We know what you mean, but you have to explain yourself better, which will involve referencing other elements of place besides people.
EF_Simone [Moderator]  
Jun 30, 2009   #6
Right. And, more and more within composition studies -- especially in California -- there is an emphasis on place. So, I really do believe that attending more closely to place itself will, in addition to bringing the essay in line with its introduction, produce a piece more likely to gain you admission to UC.
yenbom  
Jul 15, 2009   #7
i think u should have main sentence in first line of each paragraph which show ur argument. therefore, everybody could understand ur essay easier
in a short time.
good luck!
EF_Simone [Moderator]  
Jul 16, 2009   #8
i think u should have main sentence in first line of each paragraph which show ur argument.

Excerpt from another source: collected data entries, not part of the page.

(* For $n\in\mathbb N$ let $\mu_n=\{p/n:p\in\mathbb Z,\ |p/n|\le n\}$, and let $\Lambda_{\mathbb Q}=\{\mu_{m!}:m\in\mathbb N\}$. Let $I$ be a fine ideal of $\mathfrak F(\mathcal P_{fin}(\mathbb Q),\mathbb R)$ containing $I_{0,\Lambda_{\mathbb Q}}$ and let $P$ be the probability of the NAP-space produced by $(\mathbb Q,1,I)$. Then for all rationals $a<b$, $$P([a,b)_{\mathbb Q})=(b-a)\,P([0,1)_{\mathbb Q}),$$ equivalently $\mathfrak n([a,b)_{\mathbb Q})=(b-a)\,\mathfrak n([0,1)_{\mathbb Q})$; consequently, for rationals with $[a_0,b_0)_{\mathbb Q}\subseteq[a_1,b_1)_{\mathbb Q}$, $a_0<b_0$, $a_1<b_1$, one has $P([a_0,b_0)_{\mathbb Q}\mid[a_1,b_1)_{\mathbb Q})=\dfrac{b_0-a_0}{b_1-a_1}$.
   Context: $[a,b)_{\mathbb Q}=\{x\in\mathbb Q:a\le x<b\}$. $\mathcal P_{fin}(\Omega)$ is the set of finite subsets of $\Omega$ and $\mathfrak F=\mathfrak F(\mathcal P_{fin}(\Omega),\mathbb R)$ the real algebra of functions $\mathcal P_{fin}(\Omega)\to\mathbb R$ with pointwise operations. For $\omega\in\Omega$, $\chi_\lambda(\omega)=1$ if $\omega\in\lambda$, else $0$. An ideal $I$ of $\mathfrak F$ is fine if it is maximal and $\lambda\mapsto 1-\chi_\lambda(\omega)$ lies in $I$ for every $\omega\in\Omega$. For $\Lambda\subseteq\mathcal P_{fin}(\Omega)$, $I_{0,\Lambda}=\{\varphi\in\mathfrak F:\varphi(\lambda)=0\text{ for all }\lambda\in\Lambda\}$. The NAP-space produced by $(\Omega,w,I)$ ($w:\Omega\to\mathbb R^+$, $I$ fine) has range field $\mathfrak F/I$, $J$ the canonical projection $\varphi\mapsto\varphi+I$, and $P(A)=J\big(\lambda\mapsto\sum_{\omega\in A\cap\lambda}w(\omega)\big)/J\big(\lambda\mapsto\sum_{\omega\in\lambda}w(\omega)\big)$; conditional probability is $P(A\mid B)=P(A\cap B)/P(B)$. For constant weight $w\equiv1$ (a fair space), the numerosity of $A$ is $\mathfrak n(A)=P(A)/P(\{\omega\})$ for any $\omega\in\Omega$, equivalently $\mathfrak n(A)=J(\lambda\mapsto|A\cap\lambda|)$. *)

theory Defs
  imports Complex_Main "HOL-Algebra.QuotRing" "HOL-Library.FSet"
begin

text \<open>The real algebra F(P_fin(Omega), R) of all real functions on finite subsets
  of Omega, with pointwise operations.  Finite subsets are modelled by the type 'a fset.\<close>
definition F_ring :: "('a fset \<Rightarrow> real) ring" where
  "F_ring = \<lparr>carrier = UNIV, mult = (\<lambda>f g x. f x * g x), one = (\<lambda>_. 1),
             zero = (\<lambda>_. 0), add = (\<lambda>f g x. f x + g x)\<rparr>"

definition chi :: "'a fset \<Rightarrow> 'a \<Rightarrow> real" where
  "chi L w = (if w |\<in>| L then 1 else 0)"

definition fine_ideal :: "('a fset \<Rightarrow> real) set \<Rightarrow> bool" where
  "fine_ideal I \<longleftrightarrow> maximalideal I F_ring \<and> (\<forall>w. (\<lambda>L. 1 - chi L w) \<in> I)"

definition I0 :: "'a fset set \<Rightarrow> ('a fset \<Rightarrow> real) set" where
  "I0 \<Lambda> = {\<phi>. \<forall>L\<in>\<Lambda>. \<phi> L = 0}"

definition Jproj :: "('a fset \<Rightarrow> real) set \<Rightarrow> ('a fset \<Rightarrow> real) \<Rightarrow> ('a fset \<Rightarrow> real) set" where
  "Jproj I \<phi> = I +>\<^bsub>F_ring\<^esub> \<phi>"

definition NAP_prob :: "('a \<Rightarrow> real) \<Rightarrow> ('a fset \<Rightarrow> real) set \<Rightarrow> 'a set \<Rightarrow> ('a fset \<Rightarrow> real) set" where
  "NAP_prob w I A =
     Jproj I (\<lambda>L. \<Sum>x\<in>A \<inter> fset L. w x)
       \<otimes>\<^bsub>F_ring Quot I\<^esub> inv\<^bsub>F_ring Quot I\<^esub> Jproj I (\<lambda>L. \<Sum>x\<in>fset L. w x)"

definition NAP_cond_prob :: "('a \<Rightarrow> real) \<Rightarrow> ('a fset \<Rightarrow> real) set \<Rightarrow> 'a set \<Rightarrow> 'a set \<Rightarrow> ('a fset \<Rightarrow> real) set" where
  "NAP_cond_prob w I A B =
     NAP_prob w I (A \<inter> B) \<otimes>\<^bsub>F_ring Quot I\<^esub> inv\<^bsub>F_ring Quot I\<^esub> NAP_prob w I B"

definition numerosity :: "('a fset \<Rightarrow> real) set \<Rightarrow> 'a set \<Rightarrow> ('a fset \<Rightarrow> real) set" where
  "numerosity I A = Jproj I (\<lambda>L. real (card (A \<inter> fset L)))"

definition rconst :: "('a fset \<Rightarrow> real) set \<Rightarrow> real \<Rightarrow> ('a fset \<Rightarrow> real) set" where
  "rconst I r = Jproj I (\<lambda>_. r)"

definition mu_set :: "nat \<Rightarrow> rat set" where
  "mu_set n = {(of_int p / of_nat n :: rat) | p :: int. \<bar>(of_int p / of_nat n :: rat)\<bar> \<le> of_nat n}"

definition Lambda_Q :: "rat fset set" where
  "Lambda_Q = {L. \<exists>m. fset L = mu_set (fact m)}"

definition ratIco :: "rat \<Rightarrow> rat \<Rightarrow> rat set" where
  "ratIco a b = {x. a \<le> x \<and> x < b}"

end

theory Submission
  imports Defs
begin

(* Write J for the projection onto the field F/I and c_A(L) = |A \<inter> L|.
   Because I is fine and contains I0(Lambda_Q), every function that vanishes on mu_{m!}
   for all sufficiently large m lies in I: multiplying by chi at a point w larger than
   (M!) kills the finitely many small grids, and the factor 1 - chi(w) lies in I.  Hence
   J only sees the behaviour of a function "eventually along Lambda_Q".
   Along Lambda_Q the count is exact: once m! is divisible by the denominators of a and b
   and m! \<ge> |a|, |b|, the grid mu_{m!} meets [a,b) in exactly (b - a) m! points.
   So c_[a,b) = (b - a) c_[0,1) eventually, which gives the numerosity statement at once;
   for the probability we identify P(A) with J(c_A / |L|) and for the conditional
   probability P(A | B) with J(c_(A \<inter> B) / c_B), which reduces the remaining statements
   to the same eventual identity.
   The file first collects ring-theoretic facts about F and J, then the ideal-theoretic
   criterion "eventually zero along Lambda_Q implies membership in I", then the counting
   argument, then the descriptions of P and P( | ), and finally the theorem. *)

lemma F_ring_simps [simp]:
  "carrier F_ring = UNIV" "mult F_ring f g = (\<lambda>x. f x * g x)" "one F_ring = (\<lambda>_. 1)"
  "zero F_ring = (\<lambda>_. 0)" "add F_ring f g = (\<lambda>x. f x + g x)"
  by (auto simp: F_ring_def)

lemma F_ring_cring: "cring F_ring"
proof (rule cringI)
  show "abelian_group F_ring"
    by (rule abelian_groupI) (auto intro!: exI[of _ "\<lambda>x. - _ x"])
  show "comm_monoid F_ring"
    by (rule comm_monoidI) auto
qed (auto simp: algebra_simps)

lemma F_ring_minus [simp]: "a_minus F_ring f g = (\<lambda>x. f x - g x)"
proof -
  interpret cring F_ring by (rule F_ring_cring)
  have "\<ominus>\<^bsub>F_ring\<^esub> g = (\<lambda>x. - g x)"
    by (rule minus_equality) auto
  then show ?thesis by (simp add: minus_eq)
qed

context
  fixes I :: "('a fset \<Rightarrow> real) set"
  assumes ideal: "ideal I F_ring"
begin

interpretation F: cring F_ring by (rule F_ring_cring)
interpretation I: ideal I F_ring by (rule ideal)

lemma Jproj_carrier: "Jproj I f \<in> carrier (F_ring Quot I)"
  unfolding Jproj_def using ring_hom_closed[OF I.rcos_ring_hom] by simp

lemma Jproj_mult: "Jproj I f \<otimes>\<^bsub>F_ring Quot I\<^esub> Jproj I g = Jproj I (\<lambda>x. f x * g x)"
  unfolding Jproj_def using I.rcoset_mult_add by (simp add: FactRing_def)

lemma Jproj_one: "\<one>\<^bsub>F_ring Quot I\<^esub> = Jproj I (\<lambda>_. 1)"
  by (simp add: FactRing_def Jproj_def)

lemma Jproj_eq_iff: "Jproj I f = Jproj I g \<longleftrightarrow> (\<lambda>x. f x - g x) \<in> I"
proof -
  have "Jproj I f = Jproj I g \<longleftrightarrow> f \<in> I +>\<^bsub>F_ring\<^esub> g"
    unfolding Jproj_def using I.a_repr_independenceD I.a_repr_independence' by auto
  also have "\<dots> \<longleftrightarrow> (\<lambda>x. f x - g x) \<in> I"
    using I.a_rcos_module_minus[OF F.ring_axioms, of g f] by simp
  finally show ?thesis .
qed

end

lemma Jproj_inverse:
  assumes "maximalideal I F_ring"
    and inverse: "Jproj I (\<lambda>x. f x * g x) = Jproj I (\<lambda>_. 1)"
  shows "inv\<^bsub>F_ring Quot I\<^esub> (Jproj I f) = Jproj I g"
proof -
  interpret M: maximalideal I F_ring by fact
  interpret Q: field "F_ring Quot I" by (rule M.quotient_is_field[OF F_ring_cring])
  have ideal: "ideal I F_ring" by (rule M.ideal_axioms)
  have "Jproj I f \<otimes>\<^bsub>F_ring Quot I\<^esub> Jproj I g = \<one>\<^bsub>F_ring Quot I\<^esub>"
    using inverse by (simp add: Jproj_mult[OF ideal] Jproj_one[OF ideal])
  moreover have "Jproj I g \<otimes>\<^bsub>F_ring Quot I\<^esub> Jproj I f = \<one>\<^bsub>F_ring Quot I\<^esub>"
    using inverse by (simp add: Jproj_mult[OF ideal] Jproj_one[OF ideal] mult.commute)
  ultimately show ?thesis
    by (intro Q.inv_char Jproj_carrier[OF ideal])
qed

This is called a topic sentence. Composition teachers often instruct their students to begin each paragraph with such a sentence when writing basic essays. However, it is not required for more advanced writing. There does need to be, somewhere in each paragraph, a sentence that clarifies its point, but this need not be at the beginning and is often -- when building to a point with a series of images or examples -- at the end.
EF_Sean [Moderator]  
Jul 18, 2009   #9
And the first sentence in most of these paragraphs does sort of act as a topic sentence anyway.

The place we come from determines the person we are and who we will be in the future.

I lived in Ethiopia for eight years and in those years I have heard people talk about how much they wanted to leave and go to America because they wanted a better life. All the talk influenced me to want to get out of this place and achieve my goals

Both my parents had impacted me the most because they have sacrificed their lives by leaving our home and our friends by moving to America.

My world, my family shaped me into who I am and will become, they also shaped my dreams because they inspired and encouraged me to lead a better life than they or their parents did.

In each case, you get a good idea of the sort of material that each paragraph will cover.